At that point I  realized what had caused that problem. as I said I do not know the who, when where... I was abused by My first step Dad so probably it was him...he has long been dead. He was in My life since I was one +. I did confront him when I was grown up... by then he was senile or playing senile so he had no idea what i was talking about!  :stars: :stars: Either he was in a state of denial OR I was nothing more than a toy for him. His father was also somewhat abusive as he used to french kiss me and my sister. Step Dad's sister I think was sexually abused.   

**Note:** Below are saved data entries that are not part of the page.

lemma exists_projection_sigma_unions:
  assumes "B \<in> sigma_unions \<A>"
  shows "\<exists>P. is_projection J P \<and> (\<forall>\<phi>. (norm (P \<phi>))\<^sup>2 = outer_mass \<phi> B)"
proof -
  obtain D :: "nat \<Rightarrow> 'b set" where D: "range D \<subseteq> \<A>" "disjoint_family D" "B = (\<Union>i. D i)"
    using assms by (rule \<A>.sigma_unions_disjoint)
  have projection: "is_projection J (p (D i))" for i
    using D(1) by (intro is_pvm_projection[OF pvm_p]) auto
  have orth: "inner (p (D i) \<phi>) (p (D j) \<phi>) = 0" if "i \<noteq> j" for i j \<phi>
    using D(1,2) that by (intro pvm_orthogonal[OF pvm_p algebra_\<A>]) (auto simp: disjoint_family_on_def)
  have sums: "(\<lambda>i. (norm (p (D i) \<phi>))\<^sup>2) sums outer_mass \<phi> B" for \<phi>
  proof -
    have "range D \<subseteq> Msets \<Omega> \<A> p" using D(1) algebra_subset_Msets by blast
    from outer_mass_sums[OF this D(2)]
    have "(\<lambda>i. outer_mass \<phi> (D i)) sums outer_mass \<phi> B" by (simp add: D(3))
    moreover have "outer_mass \<phi> (D i) = (norm (p (D i) \<phi>))\<^sup>2" for i
      using D(1) by (intro outer_mass_eq_norm) auto
    ultimately show ?thesis by simp
  qed
  define P where "P \<phi> = (\<Sum>i. p (D i) \<phi>)" for \<phi>
  have "is_projection J P"
    unfolding P_def using complex_J projection orth sums_summable[OF sums] by (rule projection_suminf)
  moreover have "(norm (P \<phi>))\<^sup>2 = outer_mass \<phi> B" for \<phi>
    unfolding P_def
    using sums_norm_sq_orthogonal[of "\<lambda>i. p (D i) \<phi>", OF orth sums_summable[OF sums]] sums
    by (rule sums_unique2)
  ultimately show ?thesis by blast
qed

text \<open>The projection of \<open>B \<in> \<A>\<^sub>\<sigma>\<close>: the strong sum of the \<open>p (D i)\<close> over a disjoint
  decomposition of \<open>B\<close> into sets of \<open>\<A>\<close>.  A projection is determined by its norms, so the
  choice is immaterial.\<close>
definition p_sigma :: "'b set \<Rightarrow> 'a \<Rightarrow> 'a" where
  "p_sigma B = (SOME P. is_projection J P \<and> (\<forall>\<phi>. (norm (P \<phi>))\<^sup>2 = outer_mass \<phi> B))"

lemma
  assumes "B \<in> sigma_unions \<A>"
  shows projection_p_sigma: "is_projection J (p_sigma B)"
    and norm_p_sigma: "(norm (p_sigma B \<phi>))\<^sup>2 = outer_mass \<phi> B"
  using someI_ex[OF exists_projection_sigma_unions[OF assms]] unfolding p_sigma_def by auto

lemma p_sigma_fixed_iff:
  assumes "B \<in> sigma_unions \<A>"
  shows "p_sigma B \<phi> = \<phi> \<longleftrightarrow> outer_mass \<phi> B = (norm \<phi>)\<^sup>2"
proof -
  have "p_sigma B \<phi> = \<phi> \<longleftrightarrow> norm (p_sigma B \<phi>) = norm \<phi>"
    by (rule projection_fixed_iff_norm[OF projection_p_sigma[OF assms]])
  also have "\<dots> \<longleftrightarrow> outer_mass \<phi> B = (norm \<phi>)\<^sup>2"
    by (simp add: power2_eq_iff_nonneg flip: norm_p_sigma[OF assms])
  finally show ?thesis .
qed

lemma p_sigma_fixed_mono:
  assumes "B \<in> sigma_unions \<A>" "B' \<in> sigma_unions \<A>" "B \<subseteq> B'" "p_sigma B \<phi> = \<phi>"
  shows "p_sigma B' \<phi> = \<phi>"
proof -
  have "(norm \<phi>)\<^sup>2 = outer_mass \<phi> B" using p_sigma_fixed_iff[OF assms(1)] assms(4) by simp
  also have "\<dots> \<le> outer_mass \<phi> B'" by (rule outer_mass_mono[OF assms(3) sigma_unions_subset_space[OF assms(2)]])
  finally have "outer_mass \<phi> B' = (norm \<phi>)\<^sup>2"
    using outer_mass_le_norm[OF sigma_unions_subset_space[OF assms(2)]] by (intro antisym)
  thus ?thesis using p_sigma_fixed_iff[OF assms(2)] by simp
qed

lemma norm_p_sigma_diff:
  assumes "B \<in> sigma_unions \<A>" "B' \<in> sigma_unions \<A>" "B' \<subseteq> B"
  shows "(norm (p_sigma B \<phi> - p_sigma B' \<phi>))\<^sup>2 = outer_mass \<phi> B - outer_mass \<phi> B'"
proof -
  note P = projection_p_sigma[OF assms(1)] and P' = projection_p_sigma[OF assms(2)]
  define \<psi> where "\<psi> = p_sigma B' \<phi>"
  have "p_sigma B \<psi> = \<psi>"
    unfolding \<psi>_def using projection_idem[OF P'] by (rule p_sigma_fixed_mono[OF assms(2,1,3)])
  hence "inner (p_sigma B \<phi>) \<psi> = inner \<psi> \<phi>"
    using projection_self_adjoint[OF P, of \<phi> \<psi>] by (simp add: inner_commute)
  also have "\<dots> = (norm \<psi>)\<^sup>2"
    unfolding \<psi>_def using projection_inner_self[OF P'] by (simp add: inner_commute)
  finally have "inner (p_sigma B \<phi>) \<psi> = (norm \<psi>)\<^sup>2" .
  hence "(norm (p_sigma B \<phi> - \<psi>))\<^sup>2 = (norm (p_sigma B \<phi>))\<^sup>2 - (norm \<psi>)\<^sup>2"
    by (simp add: power2_norm_eq_inner inner_diff_left inner_diff_right inner_commute)
  thus ?thesis unfolding \<psi>_def by (simp add: norm_p_sigma assms(1,2))
qed

text \<open>The paper's \<open>\<Inter>{\<H>\<^sub>B | B \<in> \<A>\<^sub>\<sigma>, A \<subseteq> B}\<close>; the extension of \<open>p\<close> is the orthogonal
  projection onto it.\<close>
definition cover_subspace :: "'b set \<Rightarrow> 'a set" where
  "cover_subspace A = \<Inter>{{\<phi>. p_sigma B \<phi> = \<phi>} | B. B \<in> sigma_unions \<A> \<and> A \<subseteq> B}"

lemma cover_subspaceI:
  "(\<And>B. B \<in> sigma_unions \<A> \<Longrightarrow> A \<subseteq> B \<Longrightarrow> p_sigma B \<phi> = \<phi>) \<Longrightarrow> \<phi> \<in> cover_subspace A"
  unfolding cover_subspace_def by blast

lemma cover_subspaceD:
  "\<phi> \<in> cover_subspace A \<Longrightarrow> B \<in> sigma_unions \<A> \<Longrightarrow> A \<subseteq> B \<Longrightarrow> p_sigma B \<phi> = \<phi>"
  unfolding cover_subspace_def by blast

lemma subspace_cover_subspace: "subspace (cover_subspace A)"
  unfolding subspace_def
proof (intro conjI ballI allI)
  have linear: "B \<in> sigma_unions \<A> \<Longrightarrow> linear (p_sigma B)" for B
    by (rule projection_linear[OF projection_p_sigma])
  show "0 \<in> cover_subspace A"
    by (intro cover_subspaceI) (simp add: linear_0[OF linear])
  show "x + y \<in> cover_subspace A" if "x \<in> cover_subspace A" "y \<in> cover_subspace A" for x y
    using that by (intro cover_subspaceI) (simp add: linear_add[OF linear] cover_subspaceD)
  show "c *\<^sub>R x \<in> cover_subspace A" if "x \<in> cover_subspace A" for c x
    using that by (intro cover_subspaceI) (simp add: linear_scale[OF linear] cover_subspaceD)
qed

lemma cover_subspace_J: "\<phi> \<in> cover_subspace A \<Longrightarrow> J \<phi> \<in> cover_subspace A"
  by (intro cover_subspaceI) (simp add: projection_commute_J[OF projection_p_sigma] cover_subspaceD)

lemma outer_mass_approx:
  assumes "A \<subseteq> \<Omega>" "e > 0"
  shows "\<exists>B. B \<in> sigma_unions \<A> \<and> A \<subseteq> B \<and> outer_mass \<phi> B < outer_mass \<phi> A + e"
proof -
  have "Mstar \<A> p \<phi> A < ennreal (outer_mass \<phi> A + e)"
    using assms outer_mass_nonneg[of \<phi> A] by (simp add: Mstar_eq_outer_mass ennreal_lessI)
  then obtain F where F: "range F \<subseteq> \<A>" "A \<subseteq> (\<Union>i. F i)"
    and less: "(\<Sum>i. ennreal ((norm (p (F i) \<phi>))\<^sup>2)) < ennreal (outer_mass \<phi> A + e)"
    unfolding Mstar_def INF_less_iff by blast
  define B where "B = (\<Union>i. F i)"
  have B: "B \<in> sigma_unions \<A>" unfolding B_def using F(1) by (rule sigma_unionsI)
  have "Mstar \<A> p \<phi> B \<le> (\<Sum>i. ennreal ((norm (p (F i) \<phi>))\<^sup>2))"
    unfolding Mstar_def B_def using F(1) by (intro INF_lower) auto
  with less have "ennreal (outer_mass \<phi> B) < ennreal (outer_mass \<phi> A + e)"
    by (simp add: Mstar_eq_outer_mass[OF sigma_unions_subset_space[OF B], symmetric])
  hence "outer_mass \<phi> B < outer_mass \<phi> A + e"
    by (simp add: ennreal_less_iff outer_mass_nonneg)
  with B F(2) show ?thesis unfolding B_def by blast
qed

lemma decseq_sigma_unions_approx:
  assumes "A \<subseteq> \<Omega>"
  obtains C where "decseq C" "\<And>n. C n \<in> sigma_unions \<A>" "\<And>n. A \<subseteq> C n"
    "(\<lambda>n. outer_mass \<phi> (C n)) \<longlonglongrightarrow> outer_mass \<phi> A"
proof -
  have "\<forall>n. \<exists>B. B \<in> sigma_unions \<A> \<and> A \<subseteq> B \<and> outer_mass \<phi> B < outer_mass \<phi> A + inverse (Suc n)"
    using outer_mass_approx[OF assms] by simp
  then obtain B where B: "\<And>n. B n \<in> sigma_unions \<A>" "\<And>n. A \<subseteq> B n"
    "\<And>n. outer_mass \<phi> (B n) < outer_mass \<phi> A + inverse (Suc n)"
    by (auto dest!: choice)
  define C where "C n = (\<Inter>i\<le>n. B i)" for n
  have C_Suc: "C (Suc n) = B (Suc n) \<inter> C n" for n
    unfolding C_def by (simp add: atMost_Suc)
  have C: "C n \<in> sigma_unions \<A>" for n
  proof (induction n)
    case 0 show ?case by (simp add: C_def B(1))
  next
    case (Suc n) thus ?case by (simp add: C_Suc \<A>.sigma_unions_Int B(1))
  qed
  have "decseq C" by (rule decseq_SucI) (simp add: C_Suc)
  moreover have A_C: "A \<subseteq> C n" for n unfolding C_def using B(2) by blast
  moreover have "(\<lambda>n. outer_mass \<phi> (C n)) \<longlonglongrightarrow> outer_mass \<phi> A"
  proof (rule tendsto_sandwich[of "\<lambda>_. outer_mass \<phi> A" _ _ "\<lambda>n. outer_mass \<phi> A + inverse (Suc n)"])
    show "\<forall>\<^sub>F n in sequentially. outer_mass \<phi> A \<le> outer_mass \<phi> (C n)"
      using outer_mass_mono[OF A_C sigma_unions_subset_space[OF C]] by simp
    have C_B: "outer_mass \<phi> (C n) \<le> outer_mass \<phi> (B n)" for n
      using outer_mass_mono[of "C n" "B n"] sigma_unions_subset_space[OF B(1)] unfolding C_def by blast
    have "outer_mass \<phi> (C n) \<le> outer_mass \<phi> A + inverse (Suc n)" for n
      using C_B[of n] B(3)[of n] by linarith
    thus "\<forall>\<^sub>F n in sequentially. outer_mass \<phi> (C n) \<le> outer_mass \<phi> A + inverse (Suc n)"
      by simp
    show "(\<lambda>n. outer_mass \<phi> A + inverse (Suc n)) \<longlonglongrightarrow> outer_mass \<phi> A"
      using tendsto_add[OF tendsto_const LIMSEQ_inverse_real_of_nat] by simp
  qed simp
  ultimately show ?thesis using that C by blast
qed

lemma p_sigma_decseq_convergent:
  assumes "decseq C" "\<And>n. C n \<in> sigma_unions \<A>" "convergent (\<lambda>n. outer_mass \<phi> (C n))"
  shows "convergent (\<lambda>n. p_sigma (C n) \<phi>)"
proof (rule Cauchy_convergent, rule Cauchy_if_norm_sq_diff_le[OF assms(3)])
  fix m n :: nat assume "m \<le> n"
  hence "C n \<subseteq> C m" using assms(1) by (simp add: decseq_def)
  thus "(norm (p_sigma (C m) \<phi> - p_sigma (C n) \<phi>))\<^sup>2 \<le> \<bar>outer_mass \<phi> (C m) - outer_mass \<phi> (C n)\<bar>"
    by (simp add: norm_p_sigma_diff assms(2))
qed

lemma p_sigma_limit_in_cover_subspace:
  assumes C: "\<And>n. C n \<in> sigma_unions \<A>" "\<And>n. A \<subseteq> C n"
    "(\<lambda>n. outer_mass \<phi> (C n)) \<longlonglongrightarrow> outer_mass \<phi> A"
    and lim: "(\<lambda>n. p_sigma (C n) \<phi>) \<longlonglongrightarrow> \<psi>"
  shows "\<psi> \<in> cover_subspace A"
proof (rule cover_subspaceI)
  fix B assume B: "B \<in> sigma_unions \<A>" "A \<subseteq> B"
  \<comment> \<open>\<open>C n \<inter> B\<close> approximates \<open>A\<close> as well as \<open>C n\<close> does, and \<open>p_sigma B\<close> fixes its range\<close>
  define D where "D n = C n \<inter> B" for n
  have D: "D n \<in> sigma_unions \<A>" "D n \<subseteq> C n" "A \<subseteq> D n" "D n \<subseteq> B" for n
    unfolding D_def using \<A>.sigma_unions_Int[OF C(1) B(1)] C(2) B(2) by auto
  have "(\<lambda>n. (norm (p_sigma (C n) \<phi> - p_sigma (D n) \<phi>))\<^sup>2) \<longlonglongrightarrow> 0"
  proof (rule tendsto_sandwich[of "\<lambda>_. 0" _ _ "\<lambda>n. outer_mass \<phi> (C n) - outer_mass \<phi> A"])
    have "outer_mass \<phi> A \<le> outer_mass \<phi> (D n)" for n
      by (rule outer_mass_mono[OF D(3) sigma_unions_subset_space[OF D(1)]])
    thus "\<forall>\<^sub>F n in sequentially. (norm (p_sigma (C n) \<phi> - p_sigma (D n) \<phi>))\<^sup>2
        \<le> outer_mass \<phi> (C n) - outer_mass \<phi> A"
      by (simp add: norm_p_sigma_diff C(1) D(1,2))
    show "(\<lambda>n. outer_mass \<phi> (C n) - outer_mass \<phi> A) \<longlonglongrightarrow> 0"
      using tendsto_diff[OF C(3) tendsto_const[of "outer_mass \<phi> A"]] by simp
  qed simp_all
  hence lim_D: "(\<lambda>n. p_sigma (D n) \<phi>) \<longlonglongrightarrow> \<psi>"
    using lim by (rule tendsto_if_norm_sq_diff_tendsto_0)
  have "p_sigma B (p_sigma (D n) \<phi>) = p_sigma (D n) \<phi>" for n
    using projection_idem[OF projection_p_sigma[OF D(1)]] by (rule p_sigma_fixed_mono[OF D(1) B(1) D(4)])
  moreover have "(\<lambda>n. p_sigma B (p_sigma (D n) \<phi>)) \<longlonglongrightarrow> p_sigma B \<psi>"
    using projection_bounded_linear[OF projection_p_sigma[OF B(1)]] lim_D by (rule bounded_linear.tendsto)
  ultimately have "(\<lambda>n. p_sigma (D n) \<phi>) \<longlonglongrightarrow> p_sigma B \<psi>" by simp
  thus "p_sigma B \<psi> = \<psi>" using lim_D by (rule LIMSEQ_unique)
qed
theorem mainTheorem12:
  fixes A B :: "'a::chilbert_space \<Rightarrow> 'a" and y u :: 'a
  assumes "separable_type TYPE('a)"
    and "positive_op A"
    and "bounded_clinear B"
    and "closed (range B)"
    and "compatible A (range B)"
    and "y \<noteq> 0"
  shows "A_least_squares A B y u \<longleftrightarrow> (\<exists>T \<in> PiA A (range B). B u = T y)"
proof
  assume "\<exists>T \<in> PiA A (range B). B u = T y"
  thus "A_least_squares A B y u"
    unfolding A_least_squares_def PiA_def by auto
next
  assume least_squares: "A_least_squares A B y u"
  obtain Q where "A_compatible_projection A Q" and range_Q: "range Q = range B"
    using assms(2,5) unfolding compatible_def A_compatible_projection_def by blast
  interpret A_compatible_projection A Q by fact
  obtain x where "Q y = B x" using range_Q by (metis rangeE rangeI)
  hence "anorm A (y - B u) \<le> anorm A (y - Q y)"
    using least_squares unfolding A_least_squares_def by simp
  hence null: "cinner (A (Q y - B u)) (Q y - B u) = 0"
    using A_null_if_anorm_le_residual range_Q by blast
  define z where "z = cnj (inverse (cinner y y)) *\<^sub>C y"
  have "cinner y y \<noteq> 0" using \<open>y \<noteq> 0\<close> cinner_eq_zero_iff by blast
  hence "cinner z y = 1" by (simp add: z_def cinner_scaleC_left)
  define t where "t = Q y - B u"
  have "t \<in> range Q" unfolding t_def using range_Q by (intro diff_in_range) auto
  hence "(\<lambda>w. Q w - cinner z w *\<^sub>C t) \<in> PiA A (range B)"
    using minus_rank_one_in_PiA null range_Q by (simp add: t_def)
  moreover have "B u = Q y - cinner z y *\<^sub>C t"
    using \<open>cinner z y = 1\<close> by (simp add: t_def scaleC_one)
  ultimately show "\<exists>T \<in> PiA A (range B). B u = T y"
    by (intro bexI[where x = "\<lambda>w. Q w - cinner z w *\<^sub>C t"]) simp_all
qed

end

At this point I do not know what to do with this NEW information... maybe the inner child will reveal more to me at one point. I guess all this WORK I have been doing is causing things to stir in My brain. Maybe just recognizing this fact is healing in it own right?  :blink: :yes: otherwise I am just going to wait and see what comes up next!

Keep on keeping on!
Title: Re: Emotional incest and enmeshment
Post by: Butterfly on November 10, 2014, 09:06:04 PM
Oh so terribly sorry and big hug.
:bighug:
Can think of no words.
Title: Re: Emotional incest and enmeshment
Post by: schrödinger's cat on November 11, 2014, 07:48:39 AM
No words either, but I'm glad you're here and talking about it. Silence is distressing enough, if it's not voluntary. All the best for your continued recovery - it's amazing to see how much has happened in just a few weeks, and how far you've come already.   :hug:
Title: Re: Emotional incest and enmeshment
Post by: Badmemories on November 26, 2014, 04:49:48 PM
@ be healthy. :hug: :bighug:

Right now that is what I am having trouble with...how much to reveal to myself. I love this group and I am seeing great progress! I have been real resistant to buying Pete Walkers book. I have been buying the books on abuse etc. I realized this week that I am STILL buying books to help me understand OTHER people and How the abuse happened! So today I finally the  a book by Pete Walker, also
DBT® Skills Training Handouts and Worksheets, Second Edition by Marsha M. Linehan PhD ABPP. although I have great links to some very good DBT/Cbt I think that it will be easier to just have a book! I need to get my printer working. but haven't. :blink:  I also ordered a journal for PS (my inner child) It was a journal that My grandaughter had and PS did not want anything else but that! so, I finally found the one she wanted  ;D. I have been trying to Play with My grandaughter more...coloring, playing games etc. I think PS likes it. Amazing how the enmeshment did not allow me to have a childhood!